» What the task asks
The records below must be copied in full, exactly as they read.

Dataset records

(* The map $d_\mu(N_1,N_2)=|\boldsymbol\mu(N_1)\,\triangle\,\boldsymbol\mu(N_2)|$ (cardinality of the symmetric difference of the sets $\boldsymbol\mu(N_1)$ and $\boldsymbol\mu(N_2)$) is a well-defined metric on the set of isomorphism classes of orchard networks over sets of taxa contained in $[n]$; that is, for all such orchard networks $N_1,N_2,N_3$: $d_\mu(N_1,N_2)\ge0$; $d_\mu(N_1,N_2)=0$ if and only if $N_1\cong N_2$; $d_\mu(N_1,N_2)=d_\mu(N_2,N_1)$; and $d_\mu(N_1,N_3)\le d_\mu(N_1,N_2)+d_\mu(N_2,N_3)$.
   Context: A (binary) phylogenetic network on a finite set $X\subseteq[n]=\{1,\dots,n\}$ is a directed acyclic graph $N=(V,A)$ without parallel arcs in which every node is exactly one of: the root (indegree 0, outdegree 1; there is exactly one), a leaf (indegree 1, outdegree 0), a tree node (indegree 1, outdegree 2), or a reticulation (indegree 2, outdegree 1); the leaves are identified with the elements of $X$. $V_T(N)$ denotes the set of leaves and tree nodes, $V_H(N)$ the set of reticulations. Two networks are isomorphic ($N\cong N'$) if there is a bijection between their node sets that is the identity on leaves (labels) and maps arcs to arcs and non-arcs to non-arcs. $m(u,v)$ is the number of directed paths from $u$ to $v$ (trivial paths allowed). Extended $\mu$-vectors: $\mu_i(u)=m(u,i)$ for $i\in[n]$ (0 if $i$ is not a leaf), $\mu_0(u)=\sum_{h\in V_H(N)} m(u,h)$, $\mu(u)=(\mu_0(u),\dots,\mu_n(u))$; the extended $\mu$-representation $\boldsymbol\mu(N)$ is $\{\mu(u)\mid u\in V_T(N)\}$ (for orchard networks it has no repeated elements, so it is a set). For distinct leaves $i,j$ with parents $p_i,p_j$: $(i,j)$ is a cherry of $N$ if $p_i=p_j$; a reticulated-cherry of $N$ if $p_i$ is a reticulation, $p_j$ is a tree node and $p_j$ is a parent of $p_i$; reducible if either. Suppressing a node with indegree 1 and outdegree 1 means deleting it and its two arcs and adding an arc from its parent to its child. $N^{(i,j)}$: if $(i,j)$ is a cherry, delete leaf $i$ and its incoming arc, then suppress $p_i$; if a reticulated-cherry, delete the arc $p_jp_i$ and suppress $p_i$ and $p_j$. A sequence $S=s_1\cdots s_k$ is reducible in $N$ if $s_1$ is reducible in $N$ and each $s_t$ is reducible in the network obtained by successively reducing $s_1,\dots,s_{t-1}$; $N^S$ is the final network. $N$ is an orchard network if there is a reducible sequence $S$ with $N^S$ equal to the network consisting of a root joined by an arc to a single leaf. *)

theory Defs
  imports Main
begin

text \<open>Nodes: leaves are identified with their labels (Leaf i); all other nodes are Inner k.
A network is a pair (V, A) of a node set and an arc set (no parallel arcs since A is a set).\<close>

datatype node = Leaf nat | Inner nat

type_synonym network = "node set \<times> (node \<times> node) set"

definition indeg :: "(node \<times> node) set \<Rightarrow> node \<Rightarrow> nat" where
  "indeg A v = card {u. (u, v) \<in> A}"

definition outdeg :: "(node \<times> node) set \<Rightarrow> node \<Rightarrow> nat" where
  "outdeg A v = card {w. (v, w) \<in> A}"

definition is_root :: "(node \<times> node) set \<Rightarrow> node \<Rightarrow> bool" where
  "is_root A v \<longleftrightarrow> indeg A v = 0 \<and> outdeg A v = 1"

definition is_leaf :: "(node \<times> node) set \<Rightarrow> node \<Rightarrow> bool" where
  "is_leaf A v \<longleftrightarrow> indeg A v = 1 \<and> outdeg A v = 0"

» Task result
(* The map $d_\mu(N_1,N_2)=|\boldsymbol\mu(N_1)\,\triangle\,\boldsymbol\mu(N_2)|$ (cardinality of the symmetric difference of the sets $\boldsymbol\mu(N_1)$ and $\boldsymbol\mu(N_2)$) is a well-defined metric on the set of isomorphism classes of orchard networks over sets of taxa contained in $[n]$; that is, for all such orchard networks $N_1,N_2,N_3$: $d_\mu(N_1,N_2)\ge0$; $d_\mu(N_1,N_2)=0$ if and only if $N_1\cong N_2$; $d_\mu(N_1,N_2)=d_\mu(N_2,N_1)$; and $d_\mu(N_1,N_3)\le d_\mu(N_1,N_2)+d_\mu(N_2,N_3)$.
   Context: A (binary) phylogenetic network on a finite set $X\subseteq[n]=\{1,\dots,n\}$ is a directed acyclic graph $N=(V,A)$ without parallel arcs in which every node is exactly one of: the root (indegree 0, outdegree 1; there is exactly one), a leaf (indegree 1, outdegree 0), a tree node (indegree 1, outdegree 2), or a reticulation (indegree 2, outdegree 1); the leaves are identified with the elements of $X$. $V_T(N)$ denotes the set of leaves and tree nodes, $V_H(N)$ the set of reticulations. Two networks are isomorphic ($N\cong N'$) if there is a bijection between their node sets that is the identity on leaves (labels) and maps arcs to arcs and non-arcs to non-arcs. $m(u,v)$ is the number of directed paths from $u$ to $v$ (trivial paths allowed). Extended $\mu$-vectors: $\mu_i(u)=m(u,i)$ for $i\in[n]$ (0 if $i$ is not a leaf), $\mu_0(u)=\sum_{h\in V_H(N)} m(u,h)$, $\mu(u)=(\mu_0(u),\dots,\mu_n(u))$; the extended $\mu$-representation $\boldsymbol\mu(N)$ is $\{\mu(u)\mid u\in V_T(N)\}$ (for orchard networks it has no repeated elements, so it is a set). For distinct leaves $i,j$ with parents $p_i,p_j$: $(i,j)$ is a cherry of $N$ if $p_i=p_j$; a reticulated-cherry of $N$ if $p_i$ is a reticulation, $p_j$ is a tree node and $p_j$ is a parent of $p_i$; reducible if either. Suppressing a node with indegree 1 and outdegree 1 means deleting it and its two arcs and adding an arc from its parent to its child. $N^{(i,j)}$: if $(i,j)$ is a cherry, delete leaf $i$ and its incoming arc, then suppress $p_i$; if a reticulated-cherry, delete the arc $p_jp_i$ and suppress $p_i$ and $p_j$. A sequence $S=s_1\cdots s_k$ is reducible in $N$ if $s_1$ is reducible in $N$ and each $s_t$ is reducible in the network obtained by successively reducing $s_1,\dots,s_{t-1}$; $N^S$ is the final network. $N$ is an orchard network if there is a reducible sequence $S$ with $N^S$ equal to the network consisting of a root joined by an arc to a single leaf. *)

theory Defs
  imports Main
begin

text \<open>Nodes: leaves are identified with their labels (Leaf i); all other nodes are Inner k.
A network is a pair (V, A) of a node set and an arc set (no parallel arcs since A is a set).\<close>

datatype node = Leaf nat | Inner nat

type_synonym network = "node set \<times> (node \<times> node) set"

definition indeg :: "(node \<times> node) set \<Rightarrow> node \<Rightarrow> nat" where
  "indeg A v = card {u. (u, v) \<in> A}"

definition outdeg :: "(node \<times> node) set \<Rightarrow> node \<Rightarrow> nat" where
  "outdeg A v = card {w. (v, w) \<in> A}"

definition is_root :: "(node \<times> node) set \<Rightarrow> node \<Rightarrow> bool" where
  "is_root A v \<longleftrightarrow> indeg A v = 0 \<and> outdeg A v = 1"

definition is_leaf :: "(node \<times> node) set \<Rightarrow> node \<Rightarrow> bool" where
  "is_leaf A v \<longleftrightarrow> indeg A v = 1 \<and> outdeg A v = 0"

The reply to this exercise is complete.